Gogo's 2Ku technology delivers industry-leading performance
globally, which means passengers can do the same things they do on
the ground. For business aviation, that means live video
conferencing, fast Internet browsing and streaming video. 2Ku is
designed to take advantage of innovations happening in space and is
compatible with newer high-throughput and low-earth orbit
satellites when they become available. This means the technology
will get better in time without having to touch an aircraft. This
flexibility means Gogo's customers can be confident the system is
future ready and ahead of the curve from a technology
perspective.
2Ku is a unique dual antenna system developed by Gogo to bring
global streaming-capable Internet to large aircraft. The technology
benefits from global coverage and the redundancy of more than 180
satellites in the Ku-band.
With more than 170 systems installed today across eight airlines
on five continents, and more than 1600 total aircraft awarded to
2Ku across 14 of the largest airlines around the globe, 2Ku is one
of the most successful in-flight connectivity products ever
developed.
About Gogo
With more than two decades of experience,
Gogo is the leader in in-flight connectivity and wireless
entertainment services for commercial and business aircraft around
the world. Gogo connects aircraft, providing its aviation
partners with the world's most powerful network and platform to
help optimize their operations.

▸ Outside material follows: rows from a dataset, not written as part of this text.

lemma lipschitz_on_if_bounded_derivative:
  fixes f :: "'a::real_normed_vector \<Rightarrow> 'b::real_normed_vector"
  assumes "convex S" "compact S"
    and "\<And>x. x \<in> S \<Longrightarrow> (f has_derivative blinfun_apply (f' x)) (at x within S)"
    and "continuous_on S f'"
  shows "\<exists>L. L-lipschitz_on S f"
proof -
  obtain B where "B > 0" and B: "\<And>x. x \<in> S \<Longrightarrow> norm (f' x) \<le> B"
    using compact_imp_bounded[OF compact_continuous_image[OF assms(4,2)]]
    unfolding bounded_pos by auto
  have "dist (f x) (f y) \<le> B * dist x y" if "x \<in> S" "y \<in> S" for x y
    using differentiable_bound[OF assms(1), of f "\<lambda>x. blinfun_apply (f' x)" B x y] assms(3) B that
    by (auto simp: dist_norm norm_blinfun.rep_eq norm_minus_commute)
  with \<open>B > 0\<close> show ?thesis
    by (intro exI[of _ B] lipschitz_onI) auto
qed

section \<open>Global solutions of bounded Lipschitz autonomous equations\<close>

lemma integral_exp_mult:
  fixes r \<tau> :: real
  assumes "r \<noteq> 0" "\<tau> \<ge> 0"
  shows "integral {0..\<tau>} (\<lambda>s. exp (r * s)) = (exp (r * \<tau>) - 1) / r"
proof -
  have "((\<lambda>s. exp (r * s) / r) has_vector_derivative exp (r * s)) (at s within {0..\<tau>})" for s
    using assms(1) unfolding has_real_derivative_iff_has_vector_derivative[symmetric]
    by (auto intro!: derivative_eq_intros)
  from fundamental_theorem_of_calculus[OF assms(2) this] show ?thesis
    by (simp add: integral_unique diff_divide_distrib)
qed

locale bounded_lipschitz_field =
  fixes G :: "'a::banach \<Rightarrow> 'a" and L M :: real
  assumes lipschitz: "L-lipschitz_on UNIV G"
    and bounded: "\<And>z. norm (G z) \<le> M"
begin

lemma continuous_on_field: "continuous_on S G"
  using lipschitz_on_continuous_on[OF lipschitz] by (rule continuous_on_subset) simp

definition picard :: "'a \<Rightarrow> (real \<Rightarrow> 'a) \<Rightarrow> real \<Rightarrow> 'a" where
  "picard z0 u t = z0 + integral {0..t} (\<lambda>s. G (u s))"

lemma picard_has_vector_derivative:
  assumes u: "continuous_on {0..} u" and t: "t \<ge> 0"
  shows "(picard z0 u has_vector_derivative G (u t)) (at t within {0..})"
proof -
  have "continuous_on {0..t + 1} (\<lambda>s. G (u s))"
    using continuous_on_subset[OF u] by (intro continuous_on_compose2[OF continuous_on_field]) auto
  then have "((\<lambda>s. integral {0..s} (\<lambda>s. G (u s))) has_vector_derivative G (u t))
      (at t within {0..t + 1})"
    using t by (intro integral_has_vector_derivative) auto
  moreover have "at t within {0..t + 1} = at t within {0..}"
    by (rule at_within_nhd[where S = "{..<t + 1}"]) auto
  ultimately show ?thesis
    unfolding picard_def by (subst add.commute) (simp add: has_vector_derivative_add_const)
qed

lemma continuous_on_picard: "continuous_on {0..} u \<Longrightarrow> continuous_on {0..} (picard z0 u)"
  by (rule continuous_on_vector_derivative) (auto intro: picard_has_vector_derivative)

lemma norm_picard_le:
  assumes u: "continuous_on {0..} u" and t: "t \<ge> 0"
  shows "norm (picard z0 u t) \<le> norm z0 + M * t"
proof -
  have "norm (integral {0..t} (\<lambda>s. G (u s))) \<le> integral {0..t} (\<lambda>s. M)"
    using continuous_on_subset[OF u]
    by (intro integral_norm_bound_integral integrable_continuous_real bounded
        continuous_on_compose2[OF continuous_on_field]) auto
  then have "norm (integral {0..t} (\<lambda>s. G (u s))) \<le> M * t"
    using t by (simp add: mult.commute)
  then show ?thesis
    unfolding picard_def using norm_triangle_ineq[of z0 "integral {0..t} (\<lambda>s. G (u s))"]
    by linarith
qed

text \<open>Bielecki's trick: after the substitution u t = exp (rate t) w t, the Picard operator becomes
  a contraction with constant L / rate < 1/2 on the bounded continuous functions w on the whole
  half-line; damp and undamp pass between u and w.\<close>

definition rate :: real where "rate = 2 * L + 1"

lemma rate_pos: "rate > 0"
  using lipschitz_on_nonneg[OF lipschitz] unfolding rate_def by simp

definition damp :: "(real \<Rightarrow> 'a) \<Rightarrow> real \<Rightarrow> 'a" where
  "damp u t = exp (- rate * max 0 t) *\<^sub>R u (max 0 t)"

definition undamp :: "(real \<Rightarrow> 'a) \<Rightarrow> real \<Rightarrow> 'a" where
  "undamp w t = exp (rate * t) *\<^sub>R w t"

Gogo's superior technologies,
best-in-class service, and global reach help planes fly smarter,
our aviation partners perform better, and their passengers travel
happier.
Today, Gogo has partnerships with 17 commercial airlines and is
now installed on more than 3,000 commercial aircraft. More than
7,000 business aircraft are also flying with its solutions,
including the world's largest fractional ownership fleets. Gogo is
also a factory option at every major business aircraft
manufacturer. Gogo has more than 1,100 employees and is
headquartered in Chicago, Ill., with additional facilities
in Broomfield, Colo., and various locations overseas. Connect
with us at www.gogoair.com and business.gogoair.com.
About K5-Aviation
K5-Aviation was founded in
2010 in Germany by four
experienced aviation experts. K5-Aviation is known in the market to
challenge the industry's standards; therefore K5-Aviation develops
with its partners new groundbreaking solutions for the business
aviation sector. It currently operates three Airbus ACJ319 and two
Bombardier Global Express aircraft worldwide with one more
ACJ319neo and one Global 7000 on order for delivery in 2019. All
employees of K5-Aviation have several years of professional
experience in aviation and have worked for AOC holders operating 20
VIP aircraft and more. They all felt the need to offer a return to
quality of operation rather than quantity. The license to operate
aircraft commercially (Aircraft Operating Certi cate – AOC) was
issued by the German Aviation Authority in June 2011, and shortly after, K5-Aviation
obtained approval for low visibility operations up to the highest
Category IIIb without decision height and ETOPS 180 for Long Range
Operation 180 minutes away from any suitable airport.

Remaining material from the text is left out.